## Directions
The response should be the data again, identical in every line.
=== Data provided ===
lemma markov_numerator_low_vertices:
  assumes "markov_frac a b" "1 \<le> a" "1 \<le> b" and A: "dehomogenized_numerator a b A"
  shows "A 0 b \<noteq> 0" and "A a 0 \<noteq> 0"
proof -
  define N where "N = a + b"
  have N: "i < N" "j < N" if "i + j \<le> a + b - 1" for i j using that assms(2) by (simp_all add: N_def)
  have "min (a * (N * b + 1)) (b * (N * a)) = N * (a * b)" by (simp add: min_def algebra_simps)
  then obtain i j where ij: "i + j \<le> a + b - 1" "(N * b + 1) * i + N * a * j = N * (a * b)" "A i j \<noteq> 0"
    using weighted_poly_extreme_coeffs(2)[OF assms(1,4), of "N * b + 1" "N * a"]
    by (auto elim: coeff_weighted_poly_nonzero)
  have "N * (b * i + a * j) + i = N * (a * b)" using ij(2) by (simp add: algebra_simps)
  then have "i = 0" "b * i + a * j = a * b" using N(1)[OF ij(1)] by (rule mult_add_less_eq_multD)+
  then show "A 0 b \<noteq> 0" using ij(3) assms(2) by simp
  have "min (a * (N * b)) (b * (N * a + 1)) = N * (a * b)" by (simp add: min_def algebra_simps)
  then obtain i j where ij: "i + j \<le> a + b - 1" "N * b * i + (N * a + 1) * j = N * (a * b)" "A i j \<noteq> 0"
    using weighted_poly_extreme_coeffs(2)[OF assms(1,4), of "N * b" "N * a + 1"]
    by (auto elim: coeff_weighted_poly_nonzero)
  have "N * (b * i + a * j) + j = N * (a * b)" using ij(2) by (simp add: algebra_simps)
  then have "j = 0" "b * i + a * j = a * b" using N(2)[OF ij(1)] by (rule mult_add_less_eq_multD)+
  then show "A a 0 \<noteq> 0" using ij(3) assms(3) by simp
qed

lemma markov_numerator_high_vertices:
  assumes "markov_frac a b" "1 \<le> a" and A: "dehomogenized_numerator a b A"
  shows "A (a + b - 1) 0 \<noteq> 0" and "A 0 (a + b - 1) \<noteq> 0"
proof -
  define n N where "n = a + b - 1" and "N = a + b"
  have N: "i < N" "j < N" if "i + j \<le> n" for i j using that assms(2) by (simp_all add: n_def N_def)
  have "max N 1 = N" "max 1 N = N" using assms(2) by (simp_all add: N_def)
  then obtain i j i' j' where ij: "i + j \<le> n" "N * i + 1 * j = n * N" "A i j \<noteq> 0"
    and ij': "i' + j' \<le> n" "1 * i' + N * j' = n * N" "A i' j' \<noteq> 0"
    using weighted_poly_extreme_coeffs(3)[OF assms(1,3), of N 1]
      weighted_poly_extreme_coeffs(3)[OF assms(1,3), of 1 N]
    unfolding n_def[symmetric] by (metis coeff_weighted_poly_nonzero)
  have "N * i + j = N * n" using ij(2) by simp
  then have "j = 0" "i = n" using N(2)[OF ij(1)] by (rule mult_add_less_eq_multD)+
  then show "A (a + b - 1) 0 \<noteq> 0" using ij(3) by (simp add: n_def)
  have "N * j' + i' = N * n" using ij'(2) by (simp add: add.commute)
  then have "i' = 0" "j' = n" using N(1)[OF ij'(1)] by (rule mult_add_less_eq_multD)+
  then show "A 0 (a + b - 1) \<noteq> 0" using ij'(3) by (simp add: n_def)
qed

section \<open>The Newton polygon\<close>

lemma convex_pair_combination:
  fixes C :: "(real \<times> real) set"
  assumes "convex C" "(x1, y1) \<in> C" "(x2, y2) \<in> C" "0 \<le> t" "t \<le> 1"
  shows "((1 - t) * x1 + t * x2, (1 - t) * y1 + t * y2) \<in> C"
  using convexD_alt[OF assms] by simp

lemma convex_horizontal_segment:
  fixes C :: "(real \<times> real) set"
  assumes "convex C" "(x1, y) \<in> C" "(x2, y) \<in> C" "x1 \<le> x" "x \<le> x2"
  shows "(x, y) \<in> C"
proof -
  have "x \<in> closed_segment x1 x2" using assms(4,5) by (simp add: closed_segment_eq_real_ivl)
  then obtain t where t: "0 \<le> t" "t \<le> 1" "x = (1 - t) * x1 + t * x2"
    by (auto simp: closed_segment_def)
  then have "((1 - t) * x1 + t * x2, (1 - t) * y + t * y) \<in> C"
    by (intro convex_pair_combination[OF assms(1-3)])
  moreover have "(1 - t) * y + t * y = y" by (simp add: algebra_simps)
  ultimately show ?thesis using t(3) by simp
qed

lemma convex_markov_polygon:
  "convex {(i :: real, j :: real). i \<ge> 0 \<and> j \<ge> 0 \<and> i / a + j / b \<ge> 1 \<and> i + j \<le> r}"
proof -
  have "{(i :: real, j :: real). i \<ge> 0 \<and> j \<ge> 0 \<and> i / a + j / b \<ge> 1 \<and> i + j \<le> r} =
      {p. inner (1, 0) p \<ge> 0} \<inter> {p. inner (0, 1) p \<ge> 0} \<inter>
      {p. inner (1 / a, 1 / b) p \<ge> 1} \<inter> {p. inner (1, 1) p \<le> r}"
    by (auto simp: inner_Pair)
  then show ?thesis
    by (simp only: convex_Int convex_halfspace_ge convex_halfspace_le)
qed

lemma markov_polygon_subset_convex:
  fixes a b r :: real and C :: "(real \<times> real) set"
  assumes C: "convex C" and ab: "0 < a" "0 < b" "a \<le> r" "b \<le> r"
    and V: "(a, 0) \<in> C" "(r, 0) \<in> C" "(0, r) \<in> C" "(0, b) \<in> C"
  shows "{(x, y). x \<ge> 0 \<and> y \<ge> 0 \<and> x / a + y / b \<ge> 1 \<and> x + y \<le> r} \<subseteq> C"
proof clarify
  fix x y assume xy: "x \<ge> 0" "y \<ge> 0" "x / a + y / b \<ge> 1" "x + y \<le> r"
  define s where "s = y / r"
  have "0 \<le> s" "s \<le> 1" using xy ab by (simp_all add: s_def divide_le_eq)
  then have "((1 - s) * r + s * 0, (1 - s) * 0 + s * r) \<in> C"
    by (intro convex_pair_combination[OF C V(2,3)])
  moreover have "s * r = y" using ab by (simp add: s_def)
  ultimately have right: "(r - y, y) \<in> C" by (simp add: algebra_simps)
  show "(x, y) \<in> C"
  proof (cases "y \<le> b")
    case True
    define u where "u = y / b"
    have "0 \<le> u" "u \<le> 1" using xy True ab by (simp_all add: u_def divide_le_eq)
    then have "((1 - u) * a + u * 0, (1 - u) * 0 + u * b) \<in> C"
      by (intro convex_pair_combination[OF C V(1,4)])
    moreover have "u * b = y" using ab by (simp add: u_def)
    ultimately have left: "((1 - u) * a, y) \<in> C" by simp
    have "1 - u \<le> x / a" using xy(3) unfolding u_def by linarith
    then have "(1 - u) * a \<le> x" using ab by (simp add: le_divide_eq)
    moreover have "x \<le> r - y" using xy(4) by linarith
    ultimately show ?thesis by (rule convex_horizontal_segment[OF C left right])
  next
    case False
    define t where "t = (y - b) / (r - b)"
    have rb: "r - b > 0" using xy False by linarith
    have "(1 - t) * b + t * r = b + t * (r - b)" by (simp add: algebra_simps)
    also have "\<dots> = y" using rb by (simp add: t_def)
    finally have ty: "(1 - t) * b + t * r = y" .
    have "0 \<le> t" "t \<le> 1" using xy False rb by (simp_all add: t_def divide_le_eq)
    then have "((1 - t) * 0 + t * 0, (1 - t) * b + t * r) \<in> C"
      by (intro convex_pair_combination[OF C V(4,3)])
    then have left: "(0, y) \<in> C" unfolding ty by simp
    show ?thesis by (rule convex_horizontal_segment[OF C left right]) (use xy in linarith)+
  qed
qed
===
## Task result
lemma markov_numerator_low_vertices:
  assumes "markov_frac a b" "1 \<le> a" "1 \<le> b" and A: "dehomogenized_numerator a b A"
  shows "A 0 b \<noteq> 0" and "A a 0 \<noteq> 0"
proof -
  define N where "N = a + b"
  have N: "i < N" "j < N" if "i + j \<le> a + b - 1" for i j using that assms(2) by (simp_all add: N_def)
  have "min (a * (N * b + 1)) (b * (N * a)) = N * (a * b)" by (simp add: min_def algebra_simps)
  then obtain i j where ij: "i + j \<le> a + b - 1" "(N * b + 1) * i + N * a * j = N * (a * b)" "A i j \<noteq> 0"
    using weighted_poly_extreme_coeffs(2)[OF assms(1,4), of "N * b + 1" "N * a"]
    by (auto elim: coeff_weighted_poly_nonzero)
  have "N * (b * i + a * j) + i = N * (a * b)" using ij(2) by (simp add: algebra_simps)
  then have "i = 0" "b * i + a * j = a * b" using N(1)[OF ij(1)] by (rule mult_add_less_eq_multD)+
  then show "A 0 b \<noteq> 0" using ij(3) assms(2) by simp
  have "min (a * (N * b)) (b * (N * a + 1)) = N * (a * b)" by (simp add: min_def algebra_simps)
  then obtain i j where ij: "i + j \<le> a + b - 1" "N * b * i + (N * a + 1) * j = N * (a * b)" "A i j \<noteq> 0"
    using weighted_poly_extreme_coeffs(2)[OF assms(1,4), of "N * b" "N * a + 1"]
    by (auto elim: coeff_weighted_poly_nonzero)
  have "N * (b * i + a * j) + j = N * (a * b)" using ij(2) by (simp add: algebra_simps)
  then have "j = 0" "b * i + a * j = a * b" using N(2)[OF ij(1)] by (rule mult_add_less_eq_multD)+
  then show "A a 0 \<noteq> 0" using ij(3) assms(3) by simp
qed

lemma markov_numerator_high_vertices:
  assumes "markov_frac a b" "1 \<le> a" and A: "dehomogenized_numerator a b A"
  shows "A (a + b - 1) 0 \<noteq> 0" and "A 0 (a + b - 1) \<noteq> 0"
proof -
  define n N where "n = a + b - 1" and "N = a + b"
  have N: "i < N" "j < N" if "i + j \<le> n" for i j using that assms(2) by (simp_all add: n_def N_def)
  have "max N 1 = N" "max 1 N = N" using assms(2) by (simp_all add: N_def)
  then obtain i j i' j' where ij: "i + j \<le> n" "N * i + 1 * j = n * N" "A i j \<noteq> 0"
    and ij': "i' + j' \<le> n" "1 * i' + N * j' = n * N" "A i' j' \<noteq> 0"
    using weighted_poly_extreme_coeffs(3)[OF assms(1,3), of N 1]
      weighted_poly_extreme_coeffs(3)[OF assms(1,3), of 1 N]
    unfolding n_def[symmetric] by (metis coeff_weighted_poly_nonzero)
  have "N * i + j = N * n" using ij(2) by simp
  then have "j = 0" "i = n" using N(2)[OF ij(1)] by (rule mult_add_less_eq_multD)+
  then show "A (a + b - 1) 0 \<noteq> 0" using ij(3) by (simp add: n_def)
  have "N * j' + i' = N * n" using ij'(2) by (simp add: add.commute)
  then have "i' = 0" "j' = n" using N(1)[OF ij'(1)] by (rule mult_add_less_eq_multD)+
  then show "A 0 (a + b - 1) \<noteq> 0" using ij'(3) by (simp add: n_def)
qed

section \<open>The Newton polygon\<close>

lemma convex_pair_combination:
  fixes C :: "(real \<times> real) set"
  assumes "convex C" "(x1, y1) \<in> C" "(x2, y2) \<in> C" "0 \<le> t" "t \<le> 1"
  shows "((1 - t) * x1 + t * x2, (1 - t) * y1 + t * y2) \<in> C"
  using convexD_alt[OF assms] by simp

lemma convex_horizontal_segment:
  fixes C :: "(real \<times> real) set"
  assumes "convex C" "(x1, y) \<in> C" "(x2, y) \<in> C" "x1 \<le> x" "x \<le> x2"
  shows "(x, y) \<in> C"
proof -
  have "x \<in> closed_segment x1 x2" using assms(4,5) by (simp add: closed_segment_eq_real_ivl)
  then obtain t where t: "0 \<le> t" "t \<le> 1" "x = (1 - t) * x1 + t * x2"
    by (auto simp: closed_segment_def)
  then have "((1 - t) * x1 + t * x2, (1 - t) * y + t * y) \<in> C"
    by (intro convex_pair_combination[OF assms(1-3)])
  moreover have "(1 - t) * y + t * y = y" by (simp add: algebra_simps)
  ultimately show ?thesis using t(3) by simp
qed

lemma convex_markov_polygon:
  "convex {(i :: real, j :: real). i \<ge> 0 \<and> j \<ge> 0 \<and> i / a + j / b \<ge> 1 \<and> i + j \<le> r}"
proof -
  have "{(i :: real, j :: real). i \<ge> 0 \<and> j \<ge> 0 \<and> i / a + j / b \<ge> 1 \<and> i + j \<le> r} =
      {p. inner (1, 0) p \<ge> 0} \<inter> {p. inner (0, 1) p \<ge> 0} \<inter>
      {p. inner (1 / a, 1 / b) p \<ge> 1} \<inter> {p. inner (1, 1) p \<le> r}"
    by (auto simp: inner_Pair)
  then show ?thesis
    by (simp only: convex_Int convex_halfspace_ge convex_halfspace_le)
qed

lemma markov_polygon_subset_convex:
  fixes a b r :: real and C :: "(real \<times> real) set"
  assumes C: "convex C" and ab: "0 < a" "0 < b" "a \<le> r" "b \<le> r"
    and V: "(a, 0) \<in> C" "(r, 0) \<in> C" "(0, r) \<in> C" "(0, b) \<in> C"
  shows "{(x, y). x \<ge> 0 \<and> y \<ge> 0 \<and> x / a + y / b \<ge> 1 \<and> x + y \<le> r} \<subseteq> C"
proof clarify
  fix x y assume xy: "x \<ge> 0" "y \<ge> 0" "x / a + y / b \<ge> 1" "x + y \<le> r"
  define s where "s = y / r"
  have "0 \<le> s" "s \<le> 1" using xy ab by (simp_all add: s_def divide_le_eq)
  then have "((1 - s) * r + s * 0, (1 - s) * 0 + s * r) \<in> C"
    by (intro convex_pair_combination[OF C V(2,3)])
  moreover have "s * r = y" using ab by (simp add: s_def)
  ultimately have right: "(r - y, y) \<in> C" by (simp add: algebra_simps)
  show "(x, y) \<in> C"
  proof (cases "y \<le> b")
    case True
    define u where "u = y / b"
    have "0 \<le> u" "u \<le> 1" using xy True ab by (simp_all add: u_def divide_le_eq)
    then have "((1 - u) * a + u * 0, (1 - u) * 0 + u * b) \<in> C"
      by (intro convex_pair_combination[OF C V(1,4)])
    moreover have "u * b = y" using ab by (simp add: u_def)
    ultimately have left: "((1 - u) * a, y) \<in> C" by simp
    have "1 - u \<le> x / a" using xy(3) unfolding u_def by linarith
    then have "(1 - u) * a \<le> x" using ab by (simp add: le_divide_eq)
    moreover have "x \<le> r - y" using xy(4) by linarith
    ultimately show ?thesis by (rule convex_horizontal_segment[OF C left right])
  next
    case False
    define t where "t = (y - b) / (r - b)"
    have rb: "r - b > 0" using xy False by linarith
    have "(1 - t) * b + t * r = b + t * (r - b)" by (simp add: algebra_simps)
    also have "\<dots> = y" using rb by (simp add: t_def)
    finally have ty: "(1 - t) * b + t * r = y" .
    have "0 \<le> t" "t \<le> 1" using xy False rb by (simp_all add: t_def divide_le_eq)
    then have "((1 - t) * 0 + t * 0, (1 - t) * b + t * r) \<in> C"
      by (intro convex_pair_combination[OF C V(4,3)])
    then have left: "(0, y) \<in> C" unfolding ty by simp
    show ?thesis by (rule convex_horizontal_segment[OF C left right]) (use xy in linarith)+
  qed
qed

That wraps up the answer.